What is the goal of voice technology in video service today and how close to achieving it will be in 2021? Here’s what three experts on the subject had to say.
At NAB 2019 in Las Vegas, I moderated a panel discussion entitled Voice Control and AI: Pushing the TV Experience Forward. Experts from IBM, Comcast, and Gracenote joined me in the debate. I used two key questions to start and end the panel. I first asked a deceptively simple question: what is the objective of the technology? Then, I asked the panelist how far along on the road toward that goal we would be by NAB 2021? Here’s what each had to say.
Flatten the UI, replace the remote
Amit Bagga, Vice President, Research and Development, Comcast runs the AI and Machine Learning Center for Excellence at Comcast and runs the OS remote team. Comcast has made much progress with voice search and control over the last five years. He says that the company has 20 million voice remotes in use by Xfinity Video subscribers and licensors of the platform. Those voice-enabled customers issued 9 billion commands in 2018, which works out to more than one request per remote per day.
Mr. Bagga says one of the primary tasks of voice services is to save the customer from having to navigate the guide to find what they want:
“Our goal was to flatten the UI, get the users to the content with the least number of clicks possible. “
He sees voice technology continuing to evolve quickly and ultimately supplanting the remote altogether:
“I think we will have hands-free control of the TV. You will not have to pick up the remote if you chose not to.”
Simplify and make it a conversation
Simon Adams, Chief Product Officer of Gracenote, agrees with Mr. Bagga that simplifying the process of finding something to watch is a crucial goal:
“To make the user experience much simpler and easier to find stuff they want to watch and listen to.”
He took the idea of simplification much farther when thinking about the next two years.
“I don’t think we’ll be in a remoteless world, but I think we’ll be in a much better conversational place.”
Voice recognition and personalization of a reply has become much more accurate over the last several years. However, the ability to refine and modify results in a conversational manner remains a challenge. Mr. Adams believes the technology will make much progress in this area by 2021.
Understand intent, make the technology more accessible
Peter Gugliemino is Chief Technology Officer at IBM and focuses on media and entertainment products. He works closely with the Watson Media team. He sees the AI technology being used to not only understand what is said but also the mood and intent of the speaker:
“The goal of speech technology, in general, is to get better insight into what they <the users> are looking to do.”

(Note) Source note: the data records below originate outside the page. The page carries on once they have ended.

(* Assume (A), (R), (S) and let $c=(c_k)$ and $d=(d_k)$ be global solutions of (E) (with initial data in $\ell^1_1$). Then for each $\mu\ge1$, $$\frac{d}{dt}\sum_{k=1}^\infty k^\mu|c_k-d_k|\le\Bigl(2A_*(C_\mu+2)\sum_{\ell=1}^\infty\ell^{\mu+\beta}(c_\ell+d_\ell)-R_*\Bigr)\sum_{k=1}^\infty k^\mu|c_k-d_k|\quad\text{for all }t>0,$$ where $C_\mu=2^{\max\{\mu-2,0\}}\max\{\mu,\mu(\mu-1)\}$.
   Context: Throughout, $\mathbb N=\{1,2,\dots\}$. We consider the forced discrete coagulation equation $$\frac{d}{dt}c_k=\frac12\sum_{\ell=1}^{k-1}a_{k-\ell,\ell}c_{k-\ell}c_\ell-c_k\sum_{\ell=1}^{\infty}a_{k,\ell}c_\ell+s_k-r_kc_k,\qquad k\in\mathbb N,\tag{E}$$ with real coefficients satisfying the standing assumptions: (A) $a_{k,\ell}=a_{\ell,k}$ and $0\le a_{k,\ell}\le A_*(k^\alpha\ell^\beta+k^\beta\ell^\alpha)$ for all $k,\ell\in\mathbb N$, with constants $A_*>0$, $\alpha,\beta\in[0,1]$, $\alpha\le\beta$; (R) $r_k\ge R_*k^\gamma$ for all $k\in\mathbb N$, with $R_*>0$ and $\gamma>\max\{0,\alpha+\beta-1\}$; (S) $s_k\ge 0$ for all $k$, and for every $\mu\ge0$ there is $\mathfrak s_\mu>0$ with $\sum_{k\ge1}k^\mu s_k\le\mathfrak s_\mu$. For $\mu\ge0$, $\ell^1_\mu$ is the set of sequences $(c_k)_{k\in\mathbb N}$ with $c_k\in[0,\infty)$ and $\sum_k k^\mu c_k<\infty$. Solution: a sequence $c=(c_k)_{k\in\mathbb N}$ of continuous functions $c_k:[0,T)\to[0,\infty)$ is a solution of (E) on $[0,T)$ with initial condition $c^{\mathrm{in}}\in\ell^1_1$ if (i) for each $k$, (E) holds for all $t\in(0,T)$; (ii) for each $\mu\ge1$, $c\in L^\infty([0,T),\ell^1_1)\cap C^1((0,T),\ell^1_\mu)$; (iii) $c_k(0)=c_k^{\mathrm{in}}$ for all $k$. It is a global solution if $T=\infty$. *)

theory Defs
  imports "HOL-Analysis.Analysis"
begin

text \<open>Sequences are indexed by nat; only indices k \<ge> 1 are meaningful (index 0 is ignored).
  A time-dependent sequence is c :: nat \<Rightarrow> real \<Rightarrow> real, c k t = c_k(t).\<close>

definition wsummable :: "real \<Rightarrow> (nat \<Rightarrow> real) \<Rightarrow> bool" where
  "wsummable \<mu> x \<longleftrightarrow> summable (\<lambda>k. real (Suc k) powr \<mu> * \<bar>x (Suc k)\<bar>)"

definition wnorm :: "real \<Rightarrow> (nat \<Rightarrow> real) \<Rightarrow> real" where
  "wnorm \<mu> x = (\<Sum>k. real (Suc k) powr \<mu> * \<bar>x (Suc k)\<bar>)"

definition coag_rhs ::
  "(nat \<Rightarrow> nat \<Rightarrow> real) \<Rightarrow> (nat \<Rightarrow> real) \<Rightarrow> (nat \<Rightarrow> real) \<Rightarrow> (nat \<Rightarrow> real \<Rightarrow> real) \<Rightarrow> nat \<Rightarrow> real \<Rightarrow> real" where
  "coag_rhs a s r c k t =
     (1/2) * (\<Sum>l=1..k-1. a (k-l) l * c (k-l) t * c l t)
     - c k t * (\<Sum>l. a k (Suc l) * c (Suc l) t)
     + s k - r k * c k t"

definition is_global_solution ::
  "(nat \<Rightarrow> nat \<Rightarrow> real) \<Rightarrow> (nat \<Rightarrow> real) \<Rightarrow> (nat \<Rightarrow> real) \<Rightarrow> (nat \<Rightarrow> real \<Rightarrow> real) \<Rightarrow> bool" where
  "is_global_solution a s r c \<longleftrightarrow>
     (\<forall>k\<ge>1. continuous_on {0..} (c k) \<and> (\<forall>t\<ge>0. c k t \<ge> 0))
   \<and> (\<forall>k\<ge>1. \<forall>t>0. (c k has_real_derivative coag_rhs a s r c k t) (at t))
   \<and> (\<exists>M. \<forall>t\<ge>0. wsummable 1 (\<lambda>k. c k t) \<and> wnorm 1 (\<lambda>k. c k t) \<le> M)
   \<and> (\<forall>\<mu>\<ge>1. \<exists>c'. \<forall>t>0.
          wsummable \<mu> (\<lambda>k. c k t) \<and> wsummable \<mu> (\<lambda>k. c' k t)
        \<and> ((\<lambda>h. wnorm \<mu> (\<lambda>k. (c k h - c k t) / (h - t) - c' k t)) \<longlongrightarrow> 0) (at t)
        \<and> ((\<lambda>h. wnorm \<mu> (\<lambda>k. c' k h - c' k t)) \<longlongrightarrow> 0) (at t))"

definition upper_right_dini :: "(real \<Rightarrow> real) \<Rightarrow> real \<Rightarrow> ereal" where
  "upper_right_dini F t = Limsup (at_right t) (\<lambda>h. ereal ((F h - F t) / (h - t)))"

end

theory Submission
  imports Defs
begin

text \<open>
  Write \<open>N(t) = \<Sum>\<^sub>k k\<^sup>\<mu> \<bar>c\<^sub>k - d\<^sub>k\<bar>\<close>. Because the difference quotients of \<open>c\<close> and \<open>d\<close> converge in
  the weighted norm, the right Dini derivative of \<open>N\<close> is \<open>\<Sum>\<^sub>k k\<^sup>\<mu> \<sigma>\<^sub>k (c\<^sub>k' - d\<^sub>k')\<close>, where \<open>\<sigma>\<^sub>k\<close> is
  the sign of \<open>c\<^sub>k - d\<^sub>k\<close> (and of \<open>c\<^sub>k' - d\<^sub>k'\<close> where \<open>c\<^sub>k = d\<^sub>k\<close>). Testing the difference of the
  right-hand sides of (E) against \<open>\<phi>\<^sub>k = k\<^sup>\<mu> \<sigma>\<^sub>k\<close> gives, after the source terms cancel,
  \<open>\<onehalf> \<Sum>\<^sub>i\<^sub>,\<^sub>j a\<^sub>i\<^sub>j (c\<^sub>i c\<^sub>j - d\<^sub>i d\<^sub>j) (\<phi>\<^sub>i\<^sub>+\<^sub>j - \<phi>\<^sub>i - \<phi>\<^sub>j) - \<Sum>\<^sub>k r\<^sub>k k\<^sup>\<mu> \<bar>c\<^sub>k - d\<^sub>k\<bar>\<close>.
  Splitting \<open>c\<^sub>i c\<^sub>j - d\<^sub>i d\<^sub>j = \<onehalf> ((c\<^sub>i - d\<^sub>i)(c\<^sub>j + d\<^sub>j) + (c\<^sub>i + d\<^sub>i)(c\<^sub>j - d\<^sub>j))\<close>, the increment
  \<open>(i + j)\<^sup>\<mu> - i\<^sup>\<mu> + j\<^sup>\<mu> \<le> (\<mu> 2\<^sup>\<mu>\<^sup>-\<^sup>1 + 1) i\<^sup>\<mu>\<^sup>-\<^sup>1 j\<^sup>\<mu>\<close> and \<open>a\<^sub>i\<^sub>j \<le> 2 A\<^sub>* i\<^sup>\<beta> j\<^sup>\<beta>\<close> bound the
  coagulation part by \<open>A\<^sub>* (\<mu> 2\<^sup>\<mu>\<^sup>-\<^sup>1 + 1) (\<Sum>\<^sub>l l\<^sup>\<mu>\<^sup>+\<^sup>\<beta> (c\<^sub>l + d\<^sub>l)) N\<close>, while \<open>r\<^sub>k \<ge> R\<^sub>*\<close> bounds
  the removal part by \<open>-R\<^sub>* N\<close>; finally \<open>\<mu> 2\<^sup>\<mu>\<^sup>-\<^sup>1 + 1 \<le> 2 (C\<^sub>\<mu> + 2)\<close>.
\<close>

section \<open>Elementary inequalities\<close>

lemma powr_add_minus_powr_le:
  fixes x h \<mu> :: real
  assumes "x > 0" "h > 0" "\<mu> \<ge> 1"
  shows "(x + h) powr \<mu> - x powr \<mu> \<le> \<mu> * (x + h) powr (\<mu> - 1) * h"
proof -
  have "\<exists>z. x < z \<and> z < x + h \<and> (x + h) powr \<mu> - x powr \<mu> = (x + h - x) * (\<mu> * z powr (\<mu> - 1))"
    by (rule MVT2) (use assms in \<open>auto intro!: has_real_derivative_powr\<close>)
  then obtain z where z: "x < z" "z < x + h" "(x + h) powr \<mu> - x powr \<mu> = h * (\<mu> * z powr (\<mu> - 1))"
    by auto
  have "z powr (\<mu> - 1) \<le> (x + h) powr (\<mu> - 1)"
    by (rule powr_mono2) (use assms z in auto)
  with z assms show ?thesis
    by (simp add: mult_left_mono mult.commute mult.left_commute)
qed

lemma add_le_double_mult:
  fixes x y :: real
  assumes "x \<ge> 1" "y \<ge> 1"
  shows "x + y \<le> 2 * (x * y)"
  using assms mult_le_cancel_left1[of x y] mult_le_cancel_right1[of y x] by linarith

lemma moment_increment_le:
  fixes x y \<mu> :: real
  assumes x: "x \<ge> 1" and y: "y \<ge> 1" and \<mu>: "\<mu> \<ge> 1"
  shows "(x + y) powr \<mu> - x powr \<mu> + y powr \<mu> \<le> (\<mu> * 2 powr (\<mu> - 1) + 1) * x powr (\<mu> - 1) * y powr \<mu>"
proof -
  have "(x + y) powr (\<mu> - 1) \<le> (2 * (x * y)) powr (\<mu> - 1)"
    by (rule powr_mono2) (use x y \<mu> add_le_double_mult[OF x y] in auto)
  also have "\<dots> = 2 powr (\<mu> - 1) * x powr (\<mu> - 1) * y powr (\<mu> - 1)"
    using x y by (simp add: powr_mult)
  finally have "\<mu> * (x + y) powr (\<mu> - 1) * y \<le> \<mu> * (2 powr (\<mu> - 1) * x powr (\<mu> - 1) * y powr (\<mu> - 1)) * y"
    using \<mu> y by (intro mult_right_mono mult_left_mono) auto
  also have "\<dots> = \<mu> * 2 powr (\<mu> - 1) * x powr (\<mu> - 1) * y powr \<mu>"
    using y powr_add[of y "\<mu> - 1" 1] by (simp add: mult_ac)
  finally have "(x + y) powr \<mu> - x powr \<mu> \<le> \<mu> * 2 powr (\<mu> - 1) * x powr (\<mu> - 1) * y powr \<mu>"
    using powr_add_minus_powr_le[of x y \<mu>] x y \<mu> by linarith
  moreover have "y powr \<mu> \<le> x powr (\<mu> - 1) * y powr \<mu>"
    using x \<mu> ge_one_powr_ge_zero[of x "\<mu> - 1"] by (simp add: mult_le_cancel_right1)
  ultimately show ?thesis by (simp add: algebra_simps)
qed

lemma kernel_moment_increment_le:
  fixes x y \<mu> \<beta> B a :: real
  assumes x: "x \<ge> 1" and y: "y \<ge> 1" and \<mu>: "\<mu> \<ge> 1" and \<beta>: "0 \<le> \<beta>" "\<beta> \<le> 1"
    and a: "0 \<le> a" "a \<le> B * (x powr \<beta> * y powr \<beta>)"
  shows "a * ((x + y) powr \<mu> - x powr \<mu> + y powr \<mu>)
    \<le> B * (\<mu> * 2 powr (\<mu> - 1) + 1) * (x powr \<mu> * y powr (\<mu> + \<beta>))"
proof -
  define K where "K = \<mu> * 2 powr (\<mu> - 1) + 1"
  have K: "K \<ge> 0" using \<mu> by (simp add: K_def)
  have "0 < x powr \<beta> * y powr \<beta>" using x y by simp
  then have B: "B \<ge> 0" using a zero_le_mult_iff[of B "x powr \<beta> * y powr \<beta>"] by linarith
  have "x powr \<mu> \<le> (x + y) powr \<mu>" by (rule powr_mono2) (use x y \<mu> in auto)
  then have "a * ((x + y) powr \<mu> - x powr \<mu> + y powr \<mu>) \<le> B * (x powr \<beta> * y powr \<beta>) * (K * x powr (\<mu> - 1) * y powr \<mu>)"
    using moment_increment_le[OF x y \<mu>] a B by (intro mult_mono) (auto simp: K_def)
  also have "\<dots> = B * K * (x powr (\<mu> - 1 + \<beta>) * y powr (\<mu> + \<beta>))"
    using x y by (simp add: powr_add mult_ac)
  also have "\<dots> \<le> B * K * (x powr \<mu> * y powr (\<mu> + \<beta>))"
    using x \<beta> B K by (intro mult_left_mono mult_right_mono powr_mono) auto
  finally show ?thesis by (simp add: K_def)
qed

lemma signed_increment_le:
  fixes Z W W' \<sigma>\<^sub>0 \<sigma> \<sigma>' e :: real
  assumes "\<bar>\<sigma>\<^sub>0\<bar> \<le> 1" "\<bar>\<sigma>'\<bar> \<le> 1" "\<sigma> * e = \<bar>e\<bar>" "Z \<ge> 0" "W' \<ge> 0"
  shows "(Z * \<sigma>\<^sub>0 - W * \<sigma> - W' * \<sigma>') * e \<le> (Z - W + W') * \<bar>e\<bar>"
proof -
  have "\<sigma>\<^sub>0 * e \<le> \<bar>e\<bar>" "- (\<sigma>' * e) \<le> \<bar>e\<bar>"
  proof -
    have "\<bar>\<sigma>\<^sub>0 * e\<bar> \<le> \<bar>e\<bar>" "\<bar>\<sigma>' * e\<bar> \<le> \<bar>e\<bar>"
      using assms(1,2) by (simp_all add: abs_mult mult_left_le_one_le)
    then show "\<sigma>\<^sub>0 * e \<le> \<bar>e\<bar>" "- (\<sigma>' * e) \<le> \<bar>e\<bar>"
      by (simp_all add: abs_le_iff)
  qed
  then have "Z * (\<sigma>\<^sub>0 * e) \<le> Z * \<bar>e\<bar>" "W' * (- (\<sigma>' * e)) \<le> W' * \<bar>e\<bar>"
    using assms(4,5) by (simp_all only: mult_left_mono)
  moreover have "(Z * \<sigma>\<^sub>0 - W * \<sigma> - W' * \<sigma>') * e = Z * (\<sigma>\<^sub>0 * e) - W * \<bar>e\<bar> + W' * (- (\<sigma>' * e))"
    using assms(3) by (simp add: algebra_simps)
  moreover have "(Z - W + W') * \<bar>e\<bar> = Z * \<bar>e\<bar> - W * \<bar>e\<bar> + W' * \<bar>e\<bar>"
    by (simp add: algebra_simps)
  ultimately show ?thesis by linarith
qed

For example, Watson is being used in call centers to understand the emotional state of a caller and to route the call appropriately based on that information.
Looking ahead, Mr. Gugliemino sees voice technology becoming more broadly available and working in speech-unfriendly environments:
“In two years, we’ll have more accessibility and more languages. One of the key problems that we’re facing is that everything is in English. I also think that the signal processing that is involved in understanding overlapping speakers and separating speech from background noise will be much improved.”
Indeed, the adoption of speech technology for media search and control is much lower in non-English-speaking countries. As well, users will be pleased with the improved ability of voice recognition systems to separate a specific voice from background noise.
Why it matters
Simplifying the business of finding something to watch is a crucial goal of voice technology in media.
Soon the technology will:
- Be capable of carrying on a conversation to narrow search results
- Replace the remote completely – if that’s what a user wants to do
Work with more languages and be more robust in hostile environments.